### Data provided ###

lemma linear_recurrence_solution:
  fixes F :: "real^'n^'n"
  assumes rec: "\<And>k. \<delta> (Suc k) = F *v \<delta> k + w k"
  shows "\<delta> (k + k0) = matrix_pow F k *v \<delta> k0 + (\<Sum>t<k. matrix_pow F (k - Suc t) *v w (t + k0))"
proof (induction k)
  case 0
  then show ?case by simp
next
  case (Suc k)
  have "\<delta> (Suc k + k0) = F *v \<delta> (k + k0) + w (k + k0)"
    using rec by simp
  also have "\<dots> = matrix_pow F (Suc k) *v \<delta> k0
      + (\<Sum>t<k. matrix_pow F (Suc k - Suc t) *v w (t + k0)) + w (k + k0)"
    unfolding Suc
    by (simp add: matrix_vector_right_distrib matrix_vector_mult_sum matrix_vector_mul_assoc
        Suc_diff_Suc flip: matrix_pow_Suc_left del: matrix_pow.simps(2))
  also have "\<dots> = matrix_pow F (Suc k) *v \<delta> k0
      + (\<Sum>t<Suc k. matrix_pow F (Suc k - Suc t) *v w (t + k0))"
    by (simp only: sum.lessThan_Suc diff_self_eq_0 matrix_pow.simps(1) matrix_vector_mul_lid add.assoc)
  finally show ?case .
qed

lemma LIMSEQ_null_poly_mult_power_bound:
  fixes f :: "nat \<Rightarrow> 'a::real_normed_vector" and g :: real
  assumes g: "0 \<le> g" "g < 1" and bound: "\<And>k. norm (f k) \<le> (c1 + c2 * real k ^ d) * g ^ k"
  shows "f \<longlonglongrightarrow> 0"
proof -
  have "(\<lambda>k. c1 * g ^ k + c2 * (real k ^ d * g ^ k)) \<longlonglongrightarrow> 0"
    using g LIMSEQ_poly_mult_power_zero[OF g]
    by (intro tendsto_add_zero tendsto_mult_right_zero LIMSEQ_power_zero) simp_all
  moreover have "norm (f k) \<le> c1 * g ^ k + c2 * (real k ^ d * g ^ k)" for k
    using bound[of k] by (simp add: algebra_simps)
  ultimately show ?thesis
    by (rule Lim_null_comparison[OF always_eventually[OF allI], rotated])
qed

lemma schur_stable_norm_matrix_pow_le:
  assumes "schur_stable (F :: real^'n^'n)"
  shows "\<exists>M r. 0 \<le> M \<and> 0 < r \<and> r < 1 \<and>
    (\<forall>j v. norm (matrix_pow F j *v v) \<le> M * r ^ j * norm v)"
proof -
  obtain C r where r: "0 < r" "r < 1" and C: "\<And>k a b. \<bar>matrix_pow F k $ a $ b\<bar> \<le> C * r ^ k"
    using schur_stable_matrix_pow_decay[OF assms] by blast
  define M where "M = real CARD('n) * real CARD('n) * C"
  have "0 \<le> C"
    using order_trans[OF abs_ge_zero C[of 0]] by simp
  then have "0 \<le> M"
    by (simp add: M_def)
  moreover have "norm (matrix_pow F j *v v) \<le> M * r ^ j * norm v" for j v
    using norm_matrix_vector_le[of "matrix_pow F j" "C * r ^ j" v] C by (simp add: M_def mult.assoc)
  ultimately show ?thesis
    using r by blast
qed

lemma norm_matrix_pow_convolution_le:
  fixes F :: "real^'n^'n" and w :: "nat \<Rightarrow> real^'n"
  assumes pow: "\<And>j v. norm (matrix_pow F j *v v) \<le> M * r ^ j * norm v"
    and M: "0 \<le> M" and r: "0 \<le> r" "r < 1" and w: "\<And>t. norm (w t) \<le> \<eta>"
  shows "norm (\<Sum>t<k. matrix_pow F (k - Suc t) *v w t) \<le> M * \<eta> / (1 - r)"
proof -
  have "0 \<le> \<eta>"
    using order_trans[OF norm_ge_zero w] .
  have "norm (\<Sum>t<k. matrix_pow F (k - Suc t) *v w t) \<le> (\<Sum>t<k. norm (matrix_pow F (k - Suc t) *v w t))"
    by (rule norm_sum)
  also have "\<dots> \<le> (\<Sum>t<k. M * \<eta> * r ^ (k - Suc t))"
  proof (rule sum_mono)
    fix t
    have "norm (matrix_pow F (k - Suc t) *v w t) \<le> M * r ^ (k - Suc t) * norm (w t)"
      by (rule pow)
    also have "\<dots> \<le> M * r ^ (k - Suc t) * \<eta>"
      using w[of t] M r by (intro mult_left_mono) auto
    finally show "norm (matrix_pow F (k - Suc t) *v w t) \<le> M * \<eta> * r ^ (k - Suc t)"
      by (simp add: mult_ac)
  qed
  also have "\<dots> = M * \<eta> * (\<Sum>s<k. r ^ s)"
    by (simp add: sum_distrib_left[symmetric] sum.nat_diff_reindex[where g = "\<lambda>s. r ^ s"])
  also have "\<dots> \<le> M * \<eta> * (1 / (1 - r))"
    using sum_gp_strict[of r k] r M \<open>0 \<le> \<eta>\<close> by (intro mult_left_mono) (auto simp: divide_right_mono)
  finally show ?thesis
    by simp
qed

text \<open>Restart at a time \<open>k0\<close> after which the input stays below \<open>\<eta>\<close>: the free response decays
  geometrically and the forced response stays below \<open>M \<eta> / (1 - r)\<close>.\<close>
lemma schur_stable_input_to_state:
  fixes F :: "real^'n^'n" and \<delta> w :: "nat \<Rightarrow> real^'n"
  assumes F: "schur_stable F" and rec: "\<And>k. \<delta> (Suc k) = F *v \<delta> k + w k" and w: "w \<longlonglongrightarrow> 0"
  shows "\<delta> \<longlonglongrightarrow> 0"
proof (rule tendstoI)
  fix \<epsilon> :: real assume \<epsilon>: "0 < \<epsilon>"
  obtain M r where M: "0 \<le> M" and r: "0 < r" "r < 1"
    and pow: "\<And>j v. norm (matrix_pow F j *v v) \<le> M * r ^ j * norm v"
    using schur_stable_norm_matrix_pow_le[OF F] by blast
  define \<eta> where "\<eta> = \<epsilon> * (1 - r) / (2 * (M + 1))"
  have "0 < \<eta>"
    using \<epsilon> r M by (simp add: \<eta>_def)
  then obtain k0 where k0: "\<And>t. k0 \<le> t \<Longrightarrow> norm (w t) < \<eta>"
    using LIMSEQ_D[OF w] by auto
  have "M * \<eta> \<le> (M + 1) * \<eta>"
    using \<open>0 < \<eta>\<close> by simp
  also have "\<dots> = \<epsilon> / 2 * (1 - r)"
    using M by (simp add: \<eta>_def field_simps)
  finally have M\<eta>: "M * \<eta> / (1 - r) \<le> \<epsilon> / 2"
    using r by (simp add: pos_divide_le_eq)
  have "norm (w (t + k0)) \<le> \<eta>" for t
    using k0[of "t + k0"] by simp
  then have tail: "norm (\<Sum>t<k. matrix_pow F (k - Suc t) *v w (t + k0)) \<le> \<epsilon> / 2" for k
    using norm_matrix_pow_convolution_le[OF pow M less_imp_le[OF r(1)] r(2)] M\<eta> by (meson order_trans)
  have "(\<lambda>k. M * r ^ k * norm (\<delta> k0)) \<longlonglongrightarrow> 0"
    using r by (intro tendsto_mult_right_zero tendsto_mult_left_zero LIMSEQ_power_zero) simp
  then have "eventually (\<lambda>k. M * r ^ k * norm (\<delta> k0) < \<epsilon> / 2) sequentially"
    using order_tendstoD(2)[OF _ half_gt_zero[OF \<epsilon>]] by blast
  then have "eventually (\<lambda>k. dist (\<delta> (k + k0)) 0 < \<epsilon>) sequentially"
  proof eventually_elim
    case (elim k)
    have "norm (\<delta> (k + k0))
        \<le> norm (matrix_pow F k *v \<delta> k0) + norm (\<Sum>t<k. matrix_pow F (k - Suc t) *v w (t + k0))"
      unfolding linear_recurrence_solution[where \<delta> = \<delta> and w = w, OF rec, of k k0]
      by (rule norm_triangle_ineq)
    then have "norm (\<delta> (k + k0)) < \<epsilon>"
      using pow[of k "\<delta> k0"] tail[of k] elim by linarith
    then show ?case
      by simp
  qed
  then show "eventually (\<lambda>k. dist (\<delta> k) 0 < \<epsilon>) sequentially"
    by (rule eventually_sequentially_seg[THEN iffD1])
qed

###

=== Action item ===
Your answer should be each line of the data that contains the word "blast", copied as it stands.

=== Result below ===
    using schur_stable_matrix_pow_decay[OF assms] by blast
    using r by blast
    using schur_stable_norm_matrix_pow_le[OF F] by blast
    using order_tendstoD(2)[OF _ half_gt_zero[OF \<epsilon>]] by blast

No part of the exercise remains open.